Distinguished Member
looking good mate! wasnt too keen on green when you said it , but it has turned out very nice! your lucky to have a neighbour who can plaster and by the looks of it very well!! next time your other half breaks a leg and stops contributing to the house hold and delays your cinema get her a job licking envelopes from home :devil: only kidding mate,
 

pure_geordie

Active Member
Hello Malone just read yout thread and pretty impressed.

I am just about at the begining stages of my DIY GC and there is so much to do and take in but I will be doing exactly what you are doing except I am getting a builder in to brick up my garage door with a window in and create an opening for my door from my living room.

I haven't even got any kit yet...and not even sure what to buy but for your info probably with be the hitachi TX200 as i've heard so many good reports on it. One other thing my budget for absolutely everything is between 5-6k and thoughts on what kit to get and what I've got to look forward to!!!
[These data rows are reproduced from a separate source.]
lemma divide_powr_bounds_if_log_deriv_gap:
  fixes F G F' G' :: "real \<Rightarrow> real"
  assumes F: "\<And>t. 0 < t \<Longrightarrow> (F has_real_derivative F' t) (at t)" "\<And>t. 0 < t \<Longrightarrow> 0 < F t"
    and G: "\<And>t. 0 < t \<Longrightarrow> (G has_real_derivative G' t) (at t)" "\<And>t. 0 < t \<Longrightarrow> 0 < G t"
    and gap: "\<And>t. 0 < t \<Longrightarrow> F' t / F t + c / t \<le> G' t / G t"
  shows "\<And>t. 0 < t \<Longrightarrow> t \<le> 1 \<Longrightarrow> G t / F t \<le> G 1 / F 1 * t powr c"
    and "\<And>t. 1 \<le> t \<Longrightarrow> G 1 / F 1 * t powr c \<le> G t / F t"
proof -
  define H where "H t = F t * t powr c" for t
  define H' where "H' t = F' t * t powr c + F t * (c * t powr (c - 1))" for t
  have H: "(H has_real_derivative H' t) (at t)" "0 < H t" if "0 < t" for t
    unfolding H_def H'_def using that F(1,2)[OF that]
    by (auto intro!: derivative_eq_intros)
  have "H' t / H t = F' t / F t + c / t" if "0 < t" for t
    using that F(2)[OF that] by (simp add: H_def H'_def powr_diff field_simps)
  then have mono: "mono_on {0<..} (\<lambda>t. G t / H t)"
    using gap by (intro mono_on_divide_if_log_deriv_le[OF H G]) auto
  have eq: "G t / F t = G t / H t * t powr c" if "0 < t" for t
    using that by (simp add: H_def)
  have H1: "H 1 = F 1"
    by (simp add: H_def)
  show "G t / F t \<le> G 1 / F 1 * t powr c" if "0 < t" "t \<le> 1" for t
    unfolding eq[OF \<open>0 < t\<close>] H1[symmetric]
    by (rule mult_right_mono) (use mono_onD[OF mono, of t 1] that in auto)
  show "G 1 / F 1 * t powr c \<le> G t / F t" if "1 \<le> t" for t
  proof -
    have "0 < t"
      using that by simp
    show ?thesis
      unfolding eq[OF \<open>0 < t\<close>] H1[symmetric]
      by (rule mult_right_mono) (use mono_onD[OF mono, of 1 t] that in auto)
  qed
qed

lemma divide_tendsto_if_log_deriv_gap:
  fixes F G F' G' :: "real \<Rightarrow> real"
  assumes F: "\<And>t. 0 < t \<Longrightarrow> (F has_real_derivative F' t) (at t)" "\<And>t. 0 < t \<Longrightarrow> 0 < F t"
    and G: "\<And>t. 0 < t \<Longrightarrow> (G has_real_derivative G' t) (at t)" "\<And>t. 0 < t \<Longrightarrow> 0 < G t"
    and "0 < c" and gap: "\<And>t. 0 < t \<Longrightarrow> F' t / F t + c / t \<le> G' t / G t"
  shows "((\<lambda>t. G t / F t) \<longlongrightarrow> 0) (at_right 0)"
    and "filterlim (\<lambda>t. G t / F t) at_top at_top"
proof -
  define K where "K = G 1 / F 1"
  have "0 < K"
    using F(2) G(2) by (simp add: K_def)
  note bounds = divide_powr_bounds_if_log_deriv_gap[OF F G gap, folded K_def]
  show "((\<lambda>t. G t / F t) \<longlongrightarrow> 0) (at_right 0)"
  proof (rule tendsto_sandwich)
    have "\<forall>\<^sub>F t in at_right (0::real). t \<in> {0<..<1}"
      by (rule eventually_at_right_real) simp
    then show "\<forall>\<^sub>F t in at_right 0. 0 \<le> G t / F t" "\<forall>\<^sub>F t in at_right 0. G t / F t \<le> K * t powr c"
      by (auto elim!: eventually_mono intro: less_imp_le[OF divide_pos_pos[OF G(2) F(2)]] bounds(1))
    show "((\<lambda>t. K * t powr c) \<longlongrightarrow> 0) (at_right 0)"
      using \<open>0 < c\<close> by real_asymp
  qed simp
  show "filterlim (\<lambda>t. G t / F t) at_top at_top"
  proof (rule filterlim_at_top_mono)
    show "filterlim (\<lambda>t. K * t powr c) at_top at_top"
      using \<open>0 < c\<close> \<open>0 < K\<close> by real_asymp
    show "\<forall>\<^sub>F t in at_top. K * t powr c \<le> G t / F t"
      using eventually_ge_at_top[of 1] by (rule eventually_mono) (rule bounds(2))
  qed
qed

lemma le_upper_index: "0 < t \<Longrightarrow> ereal (t * deriv f t / f t) \<le> upper_index f"
  unfolding upper_index_def by (rule SUP_upper) simp

lemma lower_index_le: "0 < t \<Longrightarrow> lower_index f \<le> ereal (t * deriv f t / f t)"
  unfolding lower_index_def by (rule INF_lower) simp

lemma log_deriv_le_if_upper_index_le_lower_index:
  assumes "upper_index f \<le> lower_index g" and t: "0 < t"
  shows "deriv f t / f t \<le> deriv g t / g t"
proof -
  have "ereal (t * deriv f t / f t) \<le> ereal (t * deriv g t / g t)"
    using le_upper_index[OF t, of f] assms(1) lower_index_le[OF t, of g]
    by (rule order_trans[OF order_trans])
  then have "t * (deriv f t / f t) \<le> t * (deriv g t / g t)"
    by (simp only: times_divide_eq_right ereal_less_eq(3))
  then show ?thesis
    using t by (rule mult_left_le_imp_le)
qed

lemma log_deriv_gap_if_upper_index_less_lower_index:
  assumes "upper_index f < lower_index g"
  obtains c where "0 < c" "\<And>t. 0 < t \<Longrightarrow> deriv f t / f t + c / t \<le> deriv g t / g t"
proof -
  obtain r1 where r1: "upper_index f < ereal r1" "ereal r1 < lower_index g"
    using ereal_dense2[OF assms] by blast
  obtain r2 where r2: "ereal r1 < ereal r2" "ereal r2 < lower_index g"
    using ereal_dense2[OF r1(2)] by blast
  show thesis
  proof (rule that[of "r2 - r1"])
    show "0 < r2 - r1"
      using r2(1) by simp
    fix t :: real
    assume t: "0 < t"
    have "ereal (t * deriv f t / f t) < ereal r1"
      using le_upper_index[OF t, of f] r1(1) by (rule le_less_trans)
    moreover have "ereal r2 < ereal (t * deriv g t / g t)"
      using r2(2) lower_index_le[OF t, of g] by (rule less_le_trans)
    ultimately have "t * (deriv f t / f t) + (r2 - r1) \<le> t * (deriv g t / g t)"
      by simp
    with t show "deriv f t / f t + (r2 - r1) / t \<le> deriv g t / g t"
      by (simp add: field_simps)
  qed
qed
lemma card_ground_le_if_representable:
  fixes v :: "'a \<Rightarrow> nat \<Rightarrow> 'f::{field,finite}"
  assumes "matroid E I" and "simple_matroid E I" and "cosimple_matroid E I"
    and "represents v E I" and "kl_uniform k l E I"
  shows "card E \<le> CARD('f) ^ k + CARD('f) ^ (CARD('f) ^ (k + 1) * l) + CARD('f) ^ (k + 1) * l"
proof -
  obtain B where "I B" and "\<And>X. I X \<Longrightarrow> card X \<le> card B"
    using ex_max_card_indep[OF assms(1)] by blast
  then interpret represented_matroid E I v B
    using assms(1,4) by unfold_locales
  have "1 \<le> CARD('f)" by (simp add: Suc_leI)
  show ?thesis
  proof (cases "card B \<le> k")
    case True
    then have "card E \<le> CARD('f) ^ k"
      using card_ground_le_if_simple[OF assms(2)] power_increasing[OF _ \<open>1 \<le> CARD('f)\<close>]
        order_trans by blast
    then show ?thesis by simp
  next
    case False
    define m where "m = CARD('f) ^ (k + 1) * l"
    have "card E \<le> card B + m"
      using card_ground_le_if_kl_uniform[OF assms(5)] False unfolding m_def by simp
    then have "card (E - B) \<le> m"
      using card_Diff_subset[OF finite_basis basis_subset] by simp
    then have "card B \<le> CARD('f) ^ m"
      using card_basis_le_if_cosimple[OF assms(3)] power_increasing[OF _ \<open>1 \<le> CARD('f)\<close>]
        order_trans by blast
    with \<open>card E \<le> card B + m\<close> show ?thesis unfolding m_def by simp
  qed
qed

section \<open>Finitely many isomorphism types\<close>

lemma finite_set_systems:
  assumes "finite A"
  shows "finite {I :: 'b set \<Rightarrow> bool. \<forall>X. I X \<longrightarrow> X \<subseteq> A}"
proof (rule finite_subset)
  show "{I :: 'b set \<Rightarrow> bool. \<forall>X. I X \<longrightarrow> X \<subseteq> A} \<subseteq> (\<lambda>S X. X \<in> S) ` Pow (Pow A)"
  proof
    fix I :: "'b set \<Rightarrow> bool"
    assume "I \<in> {I. \<forall>X. I X \<longrightarrow> X \<subseteq> A}"
    then have "{X. I X} \<in> Pow (Pow A)" by auto
    moreover have "I = (\<lambda>X. X \<in> {X. I X})" by simp
    ultimately show "I \<in> (\<lambda>S X. X \<in> S) ` Pow (Pow A)" by blast
  qed
  show "finite ((\<lambda>S X. X \<in> S) ` Pow (Pow A))" using assms by simp
qed

lemma matroid_iso_to_initial_segment:
  assumes "finite E"
  obtains I' where "matroid_iso E I {..<card E} I'" and "\<And>X. I' X \<Longrightarrow> X \<subseteq> {..<card E}"
proof -
  obtain g where g: "bij_betw g E {..<card E}"
    using ex_bij_betw_finite_nat[OF assms] by (auto simp: atLeast0LessThan)
  define I' where "I' X \<longleftrightarrow> X \<subseteq> {..<card E} \<and> I (inv_into E g ` X)" for X
  have "I X \<longleftrightarrow> I' (g ` X)" if "X \<subseteq> E" for X
    using that g inv_into_image_cancel[of g E X] unfolding I'_def bij_betw_def by auto
  then have "matroid_iso E I {..<card E} I'"
    unfolding matroid_iso_def using g by blast
  moreover have "X \<subseteq> {..<card E}" if "I' X" for X using that unfolding I'_def by blast
  ultimately show thesis using that by blast
qed

lemma ex_finite_iso_representatives:
  obtains S :: "(nat set \<times> (nat set \<Rightarrow> bool)) set"
  where "finite S"
    and "\<And>(E :: 'a set) I. finite E \<Longrightarrow> card E \<le> N \<Longrightarrow> \<exists>(E', I') \<in> S. matroid_iso E I E' I'"
proof
  define S :: "(nat set \<times> (nat set \<Rightarrow> bool)) set"
    where "S = {(E', I'). E' \<subseteq> {..<N} \<and> (\<forall>X. I' X \<longrightarrow> X \<subseteq> E')}"
  have "S \<subseteq> Pow {..<N} \<times> {I'. \<forall>X. I' X \<longrightarrow> X \<subseteq> {..<N}}"
    unfolding S_def by auto
  then show "finite S"
    using finite_set_systems[of "{..<N}"] by (auto intro: finite_subset)
  fix E :: "'a set" and I
  assume "finite E" and "card E \<le> N"
  obtain I' where "matroid_iso E I {..<card E} I'" and "\<And>X. I' X \<Longrightarrow> X \<subseteq> {..<card E}"
    using matroid_iso_to_initial_segment[OF \<open>finite E\<close>] by blast
  moreover have "{..<card E} \<subseteq> {..<N}" using \<open>card E \<le> N\<close> by auto
  ultimately show "\<exists>(E', I') \<in> S. matroid_iso E I E' I'"
    unfolding S_def by blast
qed

theorem theorem1p1:
  fixes k l :: nat
  assumes "k \<ge> 1" and "l \<ge> 1"
  shows "\<exists>S :: (nat set \<times> (nat set \<Rightarrow> bool)) set. finite S \<and>
    (\<forall>(E :: 'a set) I.
       matroid E I \<and> simple_matroid E I \<and> cosimple_matroid E I \<and>
       (\<exists>v :: 'a \<Rightarrow> nat \<Rightarrow> 'f::{field,finite}. represents v E I) \<and>
       kl_uniform k l E I
       \<longrightarrow> (\<exists>(E', I') \<in> S. matroid_iso E I E' I'))"
proof -
  \<comment> \<open>The size bound holds for all k and l.\<close>
  define q where "q = CARD('f)"
  obtain S :: "(nat set \<times> (nat set \<Rightarrow> bool)) set" where "finite S"
    and S: "\<And>(E :: 'a set) I. finite E \<Longrightarrow> card E \<le> q ^ k + q ^ (q ^ (k + 1) * l) + q ^ (k + 1) * l
      \<Longrightarrow> \<exists>(E', I') \<in> S. matroid_iso E I E' I'"
    using ex_finite_iso_representatives by blast
  have "\<exists>(E', I') \<in> S. matroid_iso E I E' I'"
    if "matroid E I" "simple_matroid E I" "cosimple_matroid E I"
      "represents (v :: 'a \<Rightarrow> nat \<Rightarrow> 'f) E I" "kl_uniform k l E I" for E :: "'a set" and I v
    using S[OF matroid_finite[OF that(1)]] card_ground_le_if_representable[OF that]
    unfolding q_def by blast
  with \<open>finite S\<close> show ?thesis by blast
qed

end
lemma multilinear_basis_expansion:
  fixes f :: "('d::finite \<Rightarrow> real ^ 'n) \<Rightarrow> real"
  assumes "multilinear f"
  shows "f w = (\<Sum>\<iota>\<in>UNIV. (\<Prod>j\<in>UNIV. w j $ \<iota> j) * f (\<lambda>j. axis (\<iota> j) 1))"
proof -
  have "(\<Sum>i\<in>UNIV. x $ i *\<^sub>R axis i 1) = x" for x :: "real ^ 'n"
    using basis_expansion[of x] by (simp only: scalar_mult_eq_scaleR)
  then have "f w = f (override_on w (\<lambda>j. \<Sum>i\<in>UNIV. w j $ i *\<^sub>R axis i 1) UNIV)"
    by (simp only: override_on_def UNIV_I if_True)
  also have "\<dots> = (\<Sum>\<iota>\<in>UNIV. (\<Prod>j\<in>UNIV. w j $ \<iota> j) * f (\<lambda>j. axis (\<iota> j) 1))"
    by (subst multilinear_sum_expansion[OF assms]) (simp_all add: override_on_def o_def)
  finally show ?thesis .
qed

lemma alternating_transpose:
  fixes f :: "('d \<Rightarrow> 'v::real_vector) \<Rightarrow> real"
  assumes "multilinear f" "alternating f" "a \<noteq> b"
  shows "f (v \<circ> Transposition.transpose a b) = - f v"
proof -
  define g where "g x y = f (v(a := x, b := y))" for x y
  have "linear (\<lambda>x. g x y)" for y
    using assms(1,3) by (simp add: g_def multilinear_def fun_upd_twist[of a b])
  then have add1: "g (x + x') y = g x y + g x' y" for x x' y
    using linear_add by blast
  have "linear (\<lambda>y. g x y)" for x
    using assms(1) by (simp add: g_def multilinear_def)
  then have add2: "g x (y + y') = g x y + g x y'" for x y y'
    using linear_add by blast
  have "g (v a + v b) (v a + v b) = g (v a) (v a) + g (v a) (v b) + g (v b) (v a) + g (v b) (v b)"
    by (simp add: add1 add2)
  moreover have "g x x = 0" for x
    unfolding g_def using assms(3) by (intro alternatingD[OF assms(2), of a b]) auto
  ultimately have "g (v b) (v a) = - g (v a) (v b)"
    by simp
  moreover have "v \<circ> Transposition.transpose a b = v(a := v b, b := v a)"
    using assms(3) by (auto simp: Transposition.transpose_def)
  ultimately show ?thesis
    by (simp add: g_def)
qed

lemma alternating_permute:
  fixes f :: "('d::finite \<Rightarrow> 'v::real_vector) \<Rightarrow> real"
  assumes "multilinear f" "alternating f" "p permutes UNIV"
  shows "f (v \<circ> p) = sign p * f v"
  using assms(3) finite_class.finite_UNIV
proof (induction p arbitrary: v rule: permutes_induct)
  case id
  then show ?case by simp
next
  case (swap a b p)
  then have "permutation p"
    by (meson finite_class.finite_UNIV permutation_permutes)
  have "f (v \<circ> (Transposition.transpose a b \<circ> p)) = sign p * f (v \<circ> Transposition.transpose a b)"
    unfolding o_assoc by (rule swap.IH)
  also have "\<dots> = sign (Transposition.transpose a b \<circ> p) * f v"
    using \<open>permutation p\<close> \<open>a \<noteq> b\<close>
    by (simp add: alternating_transpose[OF assms(1,2)] sign_compose permutation_swap_id sign_swap_id)
  finally show ?case .
qed

lemma sum_inj_comp_permutes:
  assumes p: "p permutes (UNIV :: 'd set)"
  shows "(\<Sum>\<iota>\<in>{\<iota> :: 'd \<Rightarrow> 'n. inj \<iota>}. h (\<iota> \<circ> p)) = (\<Sum>\<iota>\<in>{\<iota>. inj \<iota>}. h \<iota>)"
proof (rule sum.reindex_bij_betw)
  show "bij_betw (\<lambda>\<iota>. \<iota> \<circ> p) {\<iota>. inj \<iota>} {\<iota>. inj \<iota>}"
  proof (rule bij_betw_byWitness[where f'="\<lambda>\<iota>. \<iota> \<circ> inv p"])
    show "\<forall>\<iota>\<in>{\<iota>. inj \<iota>}. \<iota> \<circ> p \<circ> inv p = \<iota>" "\<forall>\<iota>\<in>{\<iota>. inj \<iota>}. \<iota> \<circ> inv p \<circ> p = \<iota>"
      using permutes_inverses[OF p] by (auto simp: o_def)
    show "(\<lambda>\<iota>. \<iota> \<circ> p) ` {\<iota>. inj \<iota>} \<subseteq> {\<iota>. inj \<iota>}" "(\<lambda>\<iota>. \<iota> \<circ> inv p) ` {\<iota>. inj \<iota>} \<subseteq> {\<iota>. inj \<iota>}"
      using permutes_inj[OF p] permutes_inj[OF permutes_inv[OF p]] by (auto intro: inj_compose)
  qed
qed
Cheers...oh by the way my garage is 16ft by 8ft..

Thanks again...:smashin:
 

Malone

Active Member
Thanks Shahedz
LMAO, that got a open mouthed look from the Mrs:D

Took me ages to decide on colour but it is a dark green and actually works quite well especially when i take the speaker covers off to reveal the yellow surround of the cones. Going for a dark carpet, decent wool one, with a very thick underlay.

Oh and the speaker cables are not as obtrusive now, especially the centre which was on a temp stand and had no slack. Decided will use black insulation tape to wrap around cable to help hide it more

Thanks Geordie, mines is 2 ft shorter mainly because I've retained a 2 ft area at front to be a storage area. Surprisingly it seems bigger now than when it was the standard garage??.